Your objective
The answer is to contain only the line containing "space (A \<Otimes>\<^sub>M" and the lines after it through the last one, each reproduced exactly as it appears below.

------------------------------------------------------------

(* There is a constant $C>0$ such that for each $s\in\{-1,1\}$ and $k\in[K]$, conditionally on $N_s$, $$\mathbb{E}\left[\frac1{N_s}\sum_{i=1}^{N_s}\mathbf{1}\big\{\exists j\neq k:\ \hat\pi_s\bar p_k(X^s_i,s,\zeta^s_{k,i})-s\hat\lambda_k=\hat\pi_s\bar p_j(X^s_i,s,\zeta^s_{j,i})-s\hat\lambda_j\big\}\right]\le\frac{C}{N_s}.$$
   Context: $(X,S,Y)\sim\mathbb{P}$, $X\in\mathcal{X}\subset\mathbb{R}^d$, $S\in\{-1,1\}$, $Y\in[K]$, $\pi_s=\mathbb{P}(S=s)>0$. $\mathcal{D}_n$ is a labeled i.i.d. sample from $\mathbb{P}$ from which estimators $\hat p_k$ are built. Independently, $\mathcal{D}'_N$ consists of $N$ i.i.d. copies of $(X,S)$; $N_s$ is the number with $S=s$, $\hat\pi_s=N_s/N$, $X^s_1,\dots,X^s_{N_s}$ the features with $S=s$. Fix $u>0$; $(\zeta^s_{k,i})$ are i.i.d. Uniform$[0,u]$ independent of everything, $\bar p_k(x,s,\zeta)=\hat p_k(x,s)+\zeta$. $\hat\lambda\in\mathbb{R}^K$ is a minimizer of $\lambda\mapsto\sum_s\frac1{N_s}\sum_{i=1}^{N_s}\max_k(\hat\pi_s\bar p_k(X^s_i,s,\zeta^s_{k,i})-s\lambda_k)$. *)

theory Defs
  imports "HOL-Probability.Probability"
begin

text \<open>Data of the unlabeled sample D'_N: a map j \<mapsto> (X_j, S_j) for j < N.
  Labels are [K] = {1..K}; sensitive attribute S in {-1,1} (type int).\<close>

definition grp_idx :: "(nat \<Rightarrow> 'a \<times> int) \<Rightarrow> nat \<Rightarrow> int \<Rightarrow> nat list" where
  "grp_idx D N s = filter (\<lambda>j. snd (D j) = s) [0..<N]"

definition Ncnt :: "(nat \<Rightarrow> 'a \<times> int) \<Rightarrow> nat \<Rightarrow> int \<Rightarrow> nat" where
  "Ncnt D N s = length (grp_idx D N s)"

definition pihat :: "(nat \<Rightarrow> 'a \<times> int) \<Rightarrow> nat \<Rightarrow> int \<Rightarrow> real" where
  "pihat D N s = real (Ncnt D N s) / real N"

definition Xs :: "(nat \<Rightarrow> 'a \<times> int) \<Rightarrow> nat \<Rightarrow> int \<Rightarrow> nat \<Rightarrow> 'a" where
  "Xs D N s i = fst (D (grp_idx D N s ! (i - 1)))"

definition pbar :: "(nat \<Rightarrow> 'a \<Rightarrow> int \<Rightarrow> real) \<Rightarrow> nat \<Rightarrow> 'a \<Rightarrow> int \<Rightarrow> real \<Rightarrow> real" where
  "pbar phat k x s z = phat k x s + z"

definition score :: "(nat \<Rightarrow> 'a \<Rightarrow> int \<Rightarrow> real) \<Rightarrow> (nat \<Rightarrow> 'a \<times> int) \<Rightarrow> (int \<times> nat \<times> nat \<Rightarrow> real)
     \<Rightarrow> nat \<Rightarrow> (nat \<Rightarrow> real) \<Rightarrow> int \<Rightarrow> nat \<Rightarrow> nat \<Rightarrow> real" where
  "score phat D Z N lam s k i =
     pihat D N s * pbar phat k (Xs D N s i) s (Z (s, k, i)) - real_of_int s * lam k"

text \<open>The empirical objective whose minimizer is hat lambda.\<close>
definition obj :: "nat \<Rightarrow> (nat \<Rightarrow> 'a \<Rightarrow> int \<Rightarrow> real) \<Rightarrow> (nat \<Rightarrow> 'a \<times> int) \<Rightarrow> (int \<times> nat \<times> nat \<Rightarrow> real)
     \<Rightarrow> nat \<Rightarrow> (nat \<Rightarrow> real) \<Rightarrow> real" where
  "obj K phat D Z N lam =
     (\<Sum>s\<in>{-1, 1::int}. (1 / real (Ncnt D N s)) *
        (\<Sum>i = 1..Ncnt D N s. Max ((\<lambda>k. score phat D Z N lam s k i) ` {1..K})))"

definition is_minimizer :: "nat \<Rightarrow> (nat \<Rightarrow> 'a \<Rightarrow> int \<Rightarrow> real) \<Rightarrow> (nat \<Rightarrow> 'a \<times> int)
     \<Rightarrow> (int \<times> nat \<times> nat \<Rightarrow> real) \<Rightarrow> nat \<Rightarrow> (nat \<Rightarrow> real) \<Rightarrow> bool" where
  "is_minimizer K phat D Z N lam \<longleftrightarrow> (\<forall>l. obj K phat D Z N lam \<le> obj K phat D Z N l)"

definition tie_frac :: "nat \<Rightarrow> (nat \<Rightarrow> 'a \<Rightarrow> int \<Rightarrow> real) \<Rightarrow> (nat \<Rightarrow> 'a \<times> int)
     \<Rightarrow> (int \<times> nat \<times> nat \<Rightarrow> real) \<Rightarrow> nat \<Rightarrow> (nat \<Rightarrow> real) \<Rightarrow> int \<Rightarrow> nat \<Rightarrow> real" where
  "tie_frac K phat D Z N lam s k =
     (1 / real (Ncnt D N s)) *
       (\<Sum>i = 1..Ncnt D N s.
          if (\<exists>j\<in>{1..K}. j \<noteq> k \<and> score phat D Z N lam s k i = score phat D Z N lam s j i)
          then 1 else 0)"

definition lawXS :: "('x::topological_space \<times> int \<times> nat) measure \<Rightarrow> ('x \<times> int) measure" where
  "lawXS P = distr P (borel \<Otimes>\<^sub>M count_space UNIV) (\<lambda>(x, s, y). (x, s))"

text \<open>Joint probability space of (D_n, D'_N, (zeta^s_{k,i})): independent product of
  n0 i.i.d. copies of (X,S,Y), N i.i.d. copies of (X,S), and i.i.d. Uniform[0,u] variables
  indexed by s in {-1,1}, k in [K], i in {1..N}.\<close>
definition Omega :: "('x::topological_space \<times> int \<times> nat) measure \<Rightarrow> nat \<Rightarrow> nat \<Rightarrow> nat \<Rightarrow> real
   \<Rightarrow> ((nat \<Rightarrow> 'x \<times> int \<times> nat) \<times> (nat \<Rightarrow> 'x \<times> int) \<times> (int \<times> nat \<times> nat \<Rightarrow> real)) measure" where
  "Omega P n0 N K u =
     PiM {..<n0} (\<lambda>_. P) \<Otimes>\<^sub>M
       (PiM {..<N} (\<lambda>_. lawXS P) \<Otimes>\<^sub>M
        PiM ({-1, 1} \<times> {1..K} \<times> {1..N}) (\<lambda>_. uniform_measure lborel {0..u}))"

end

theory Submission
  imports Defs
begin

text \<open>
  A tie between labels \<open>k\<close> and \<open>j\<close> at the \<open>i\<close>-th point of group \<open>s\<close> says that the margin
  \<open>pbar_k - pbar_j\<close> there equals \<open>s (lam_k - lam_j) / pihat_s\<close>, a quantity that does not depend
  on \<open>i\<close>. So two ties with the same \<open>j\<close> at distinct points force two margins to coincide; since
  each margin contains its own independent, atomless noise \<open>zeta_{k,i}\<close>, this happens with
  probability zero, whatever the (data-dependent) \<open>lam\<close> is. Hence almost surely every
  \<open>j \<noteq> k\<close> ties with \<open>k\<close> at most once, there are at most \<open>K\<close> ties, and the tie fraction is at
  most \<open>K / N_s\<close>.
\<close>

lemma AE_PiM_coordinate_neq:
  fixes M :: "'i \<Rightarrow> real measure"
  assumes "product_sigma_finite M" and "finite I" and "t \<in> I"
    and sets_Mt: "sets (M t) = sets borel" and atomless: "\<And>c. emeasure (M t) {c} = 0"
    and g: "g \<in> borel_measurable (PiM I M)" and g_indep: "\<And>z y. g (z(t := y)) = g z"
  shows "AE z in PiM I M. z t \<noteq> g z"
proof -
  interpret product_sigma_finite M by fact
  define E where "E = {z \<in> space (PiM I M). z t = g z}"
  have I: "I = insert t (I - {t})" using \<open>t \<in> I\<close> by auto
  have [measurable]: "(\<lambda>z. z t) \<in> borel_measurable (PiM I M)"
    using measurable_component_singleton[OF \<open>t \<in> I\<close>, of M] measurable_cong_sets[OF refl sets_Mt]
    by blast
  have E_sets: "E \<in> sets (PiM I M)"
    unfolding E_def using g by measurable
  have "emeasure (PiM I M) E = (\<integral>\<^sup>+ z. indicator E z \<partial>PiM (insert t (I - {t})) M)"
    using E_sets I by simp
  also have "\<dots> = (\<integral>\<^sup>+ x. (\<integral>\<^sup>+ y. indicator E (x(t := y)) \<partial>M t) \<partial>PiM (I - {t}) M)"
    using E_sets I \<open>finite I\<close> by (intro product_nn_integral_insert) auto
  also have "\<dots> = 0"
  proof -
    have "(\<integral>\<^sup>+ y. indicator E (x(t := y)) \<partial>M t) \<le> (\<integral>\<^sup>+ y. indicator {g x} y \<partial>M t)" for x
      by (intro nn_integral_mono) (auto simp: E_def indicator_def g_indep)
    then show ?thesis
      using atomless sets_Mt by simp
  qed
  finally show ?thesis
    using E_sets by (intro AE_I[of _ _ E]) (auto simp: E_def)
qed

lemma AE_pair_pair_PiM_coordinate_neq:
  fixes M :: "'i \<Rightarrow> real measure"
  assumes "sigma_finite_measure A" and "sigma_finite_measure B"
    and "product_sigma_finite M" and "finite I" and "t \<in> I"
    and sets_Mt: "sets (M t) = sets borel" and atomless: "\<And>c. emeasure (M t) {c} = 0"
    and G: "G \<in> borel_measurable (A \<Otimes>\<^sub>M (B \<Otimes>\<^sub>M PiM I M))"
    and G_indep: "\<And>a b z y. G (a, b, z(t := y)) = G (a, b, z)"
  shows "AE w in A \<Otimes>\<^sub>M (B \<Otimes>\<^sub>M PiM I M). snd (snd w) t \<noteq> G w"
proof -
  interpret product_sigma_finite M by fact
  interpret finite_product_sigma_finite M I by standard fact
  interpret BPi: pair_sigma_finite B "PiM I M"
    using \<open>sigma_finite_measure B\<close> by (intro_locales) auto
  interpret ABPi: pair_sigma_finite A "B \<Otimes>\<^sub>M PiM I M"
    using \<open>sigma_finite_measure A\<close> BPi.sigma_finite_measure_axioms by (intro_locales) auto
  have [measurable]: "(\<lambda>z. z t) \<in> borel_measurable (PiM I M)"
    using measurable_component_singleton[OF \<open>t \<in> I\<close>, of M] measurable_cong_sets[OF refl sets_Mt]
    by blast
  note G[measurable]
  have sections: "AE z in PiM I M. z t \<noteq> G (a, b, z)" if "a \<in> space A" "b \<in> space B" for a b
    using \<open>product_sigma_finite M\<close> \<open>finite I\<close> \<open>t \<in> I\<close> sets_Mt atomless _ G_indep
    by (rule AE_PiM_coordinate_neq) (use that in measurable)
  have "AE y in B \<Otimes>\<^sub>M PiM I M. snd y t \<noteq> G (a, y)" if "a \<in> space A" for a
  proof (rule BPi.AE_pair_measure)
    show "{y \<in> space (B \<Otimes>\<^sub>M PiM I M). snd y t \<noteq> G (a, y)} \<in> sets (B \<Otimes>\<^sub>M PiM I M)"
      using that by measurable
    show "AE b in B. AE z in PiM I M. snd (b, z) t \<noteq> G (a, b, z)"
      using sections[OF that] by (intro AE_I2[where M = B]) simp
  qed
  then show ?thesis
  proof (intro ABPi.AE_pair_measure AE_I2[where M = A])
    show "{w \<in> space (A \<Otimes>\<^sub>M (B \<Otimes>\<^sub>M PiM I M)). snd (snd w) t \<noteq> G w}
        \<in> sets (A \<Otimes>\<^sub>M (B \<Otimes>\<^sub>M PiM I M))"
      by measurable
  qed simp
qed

------------------------------------------------------------

Task solution
    show "{w \<in> space (A \<Otimes>\<^sub>M (B \<Otimes>\<^sub>M PiM I M)). snd (snd w) t \<noteq> G w}
        \<in> sets (A \<Otimes>\<^sub>M (B \<Otimes>\<^sub>M PiM I M))"
      by measurable
  qed simp
qed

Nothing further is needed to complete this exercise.